Девицы при этих словах взвыли от страха; многие стали биться в истерике и визжать; одна воспитанница осведомилась, чья это работа, стигматы: Господа или Его врагов?
— Прекратите этот театр! — воскликнула с презрением сестра Екатерина. Конечно, она понимала, что никаких стигматов у бедной девочки нет, они фальшивые, а вся история с ними сплошной фарс. Но сколько монахинь в них верило? Сколько сомневалось? И сколько человек из тех, кто не верил, дерзнули бы открыто восстать против сестры Клер?
Сестра Клер… Должно быть, в этот момент она обернулась к стоявшему позади нее мэру, потому что я расслышала, как она скомандовала ему:
— Заберите у нее монастырь, сей Божий дом, некогда вверенный ее попечению.
— И который остается таковым до сих пор, — поправила директрису мать Мария и, обращаясь к мэру, пояснила: — Она домогается власти с той самой поры, как меня назначили настоятельницей… И позвольте заметить, месье мэр, со всем подобающим вашей должности почтением, что вы все же являетесь носителем власти светской, а не духовной, и потому в делах такого рода…
— С той самой поры, как ты купила сей Божий дом на сатанинские сребреники! — Тут сестра Клер, видимо, бросилась к матери-настоятельнице, потому что я услышала шум переворачиваемых стульев, а присутствующие начали быстро и сбивчиво читать молитвы громкими испуганными голосами.
Как могло случиться, что дело дошло до подобного ужаса так быстро? Теперь я действительно испугалась: если оказалось возможным так обращаться с матерью-настоятельницей, то можно представить, что они сделали бы со мной. Мне следовало немедленно бежать прочь. Но я осталась у двери, услышав, как мать Мария разразилась рыданиями. Вскоре от ее самообладания и от ее изящества не осталось и следа. И лишь тогда ей, слабой и сломленной, предложили высказаться в свою защиту. Но у нее уже не хватило сил.

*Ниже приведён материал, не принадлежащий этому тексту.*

text \<open>Gaussian integration by parts in each coordinate \<open>\<xi>\<^sub>i\<close> of
  \<open>\<xi> \<bullet> (B *v \<xi>) = \<Sum>\<^sub>i \<xi>\<^sub>i (B $ i \<bullet> \<xi>)\<close>.\<close>

lemma expectation_quadform_mult_power:
  assumes "transpose A = A"
  shows "expectation (\<lambda>\<omega>. (\<xi> \<omega> \<bullet> (B *v \<xi> \<omega>)) * (\<xi> \<omega> \<bullet> (A *v \<xi> \<omega>) - r) ^ k)
     = trace (B ** C) * expectation (\<lambda>\<omega>. (\<xi> \<omega> \<bullet> (A *v \<xi> \<omega>) - r) ^ k)
       + 2 * of_nat k * expectation (\<lambda>\<omega>. (\<xi> \<omega> \<bullet> ((transpose B ** C ** A) *v \<xi> \<omega>))
           * (\<xi> \<omega> \<bullet> (A *v \<xi> \<omega>) - r) ^ (k - 1))"
proof -
  define Q where "Q x = x \<bullet> (A *v x) - r" for x
  define g where "g i = lf_mult [(1, [B $ i])] (lf_power (lf_quadform_shift A r) k)" for i
  define h where "h i = C *v axis i 1" for i
  have lhs: "(x \<bullet> (B *v x)) * Q x ^ k = (\<Sum>i\<in>UNIV. (axis i 1 \<bullet> x) * lf_eval (g i) x)" for x
  proof -
    have "lf_eval (g i) x = (B $ i \<bullet> x) * Q x ^ k" for i
      by (simp add: g_def Q_def lf_eval_quadform_shift del: lf_mult_simps)
    moreover have "x \<bullet> (B *v x) = (\<Sum>i\<in>UNIV. x $ i * (B $ i \<bullet> x))"
      by (simp add: inner_vec_def matrix_vector_mult_component)
    ultimately show ?thesis by (simp add: inner_axis' sum_distrib_left mult_ac)
  qed
  have rhs: "(\<Sum>i\<in>UNIV. lf_eval (lf_deriv (h i) (g i)) x)
      = trace (B ** C) * Q x ^ k + 2 * of_nat k * ((x \<bullet> ((transpose B ** C ** A) *v x)) * Q x ^ (k - 1))"
    for x
  proof -
    have cross: "(\<Sum>i\<in>UNIV. (B $ i \<bullet> x) * (h i \<bullet> (A *v x))) = x \<bullet> ((transpose B ** C ** A) *v x)"
      using sum_rows_mult_inner_columns[OF covariance_symmetric, of B x "A *v x"]
      by (simp add: h_def matrix_vector_mul_assoc)
    have "(\<Sum>i\<in>UNIV. lf_eval (lf_deriv (h i) (g i)) x)
        = (\<Sum>i\<in>UNIV. B $ i \<bullet> h i) * Q x ^ k
          + 2 * of_nat k * Q x ^ (k - 1) * (\<Sum>i\<in>UNIV. (B $ i \<bullet> x) * (h i \<bullet> (A *v x)))"
      by (simp add: g_def Q_def lf_eval_deriv_mult lf_eval_deriv_quadform_shift_power[OF assms]
          lf_eval_quadform_shift sum.distrib sum_distrib_left sum_distrib_right mult_ac
          del: lf_mult_simps)
    then show ?thesis
      using trace_mult_eq_sum_rows[of B C] cross by (simp add: h_def mult_ac)
  qed
  have "expectation (\<lambda>\<omega>. (\<xi> \<omega> \<bullet> (B *v \<xi> \<omega>)) * Q (\<xi> \<omega>) ^ k)
      = (\<Sum>i\<in>UNIV. expectation (\<lambda>\<omega>. (axis i 1 \<bullet> \<xi> \<omega>) * lf_eval (g i) (\<xi> \<omega>)))"
    by (simp add: lhs integrable_linear_form_mult_lf_eval)
  also have "\<dots> = expectation (\<lambda>\<omega>. \<Sum>i\<in>UNIV. lf_eval (lf_deriv (h i) (g i)) (\<xi> \<omega>))"
    by (simp add: expectation_linear_form_mult_lf_eval h_def integrable_lf_eval)
  also have "\<dots> = trace (B ** C) * expectation (\<lambda>\<omega>. Q (\<xi> \<omega>) ^ k)
      + 2 * of_nat k * expectation (\<lambda>\<omega>. (\<xi> \<omega> \<bullet> ((transpose B ** C ** A) *v \<xi> \<omega>)) * Q (\<xi> \<omega>) ^ (k - 1))"
    by (simp add: rhs Q_def integrable_quadform_shift_power integrable_quadform_mult_quadform_shift_power)
  finally show ?thesis by (simp add: Q_def)
qed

Я стояла у двери библиотеки, слезы катились по моим щекам. Даже приложила к щели ухо, чтобы все лучше расслышать. Я вяло оперлась на косяк, и пальцы мои рассеянно ощупывали неровности и шероховатости. Конечно, я помнила о необходимости соблюдать осторожность и не подошла совсем близко: едва слышный шорох и мелькнувший в щелке под дверью белый ботинок могли меня погубить. Время от времени мне приходилось отодвигать носком ботинка Малуэнду, когда та подбиралась к двери чересчур близко: она подсовывала под нее лапу, пытаясь открыть, фыркала, когда из щели тянуло спертым, тяжелым духом, и немудрено, ведь столько людей собралось в совсем небольшой комнатке.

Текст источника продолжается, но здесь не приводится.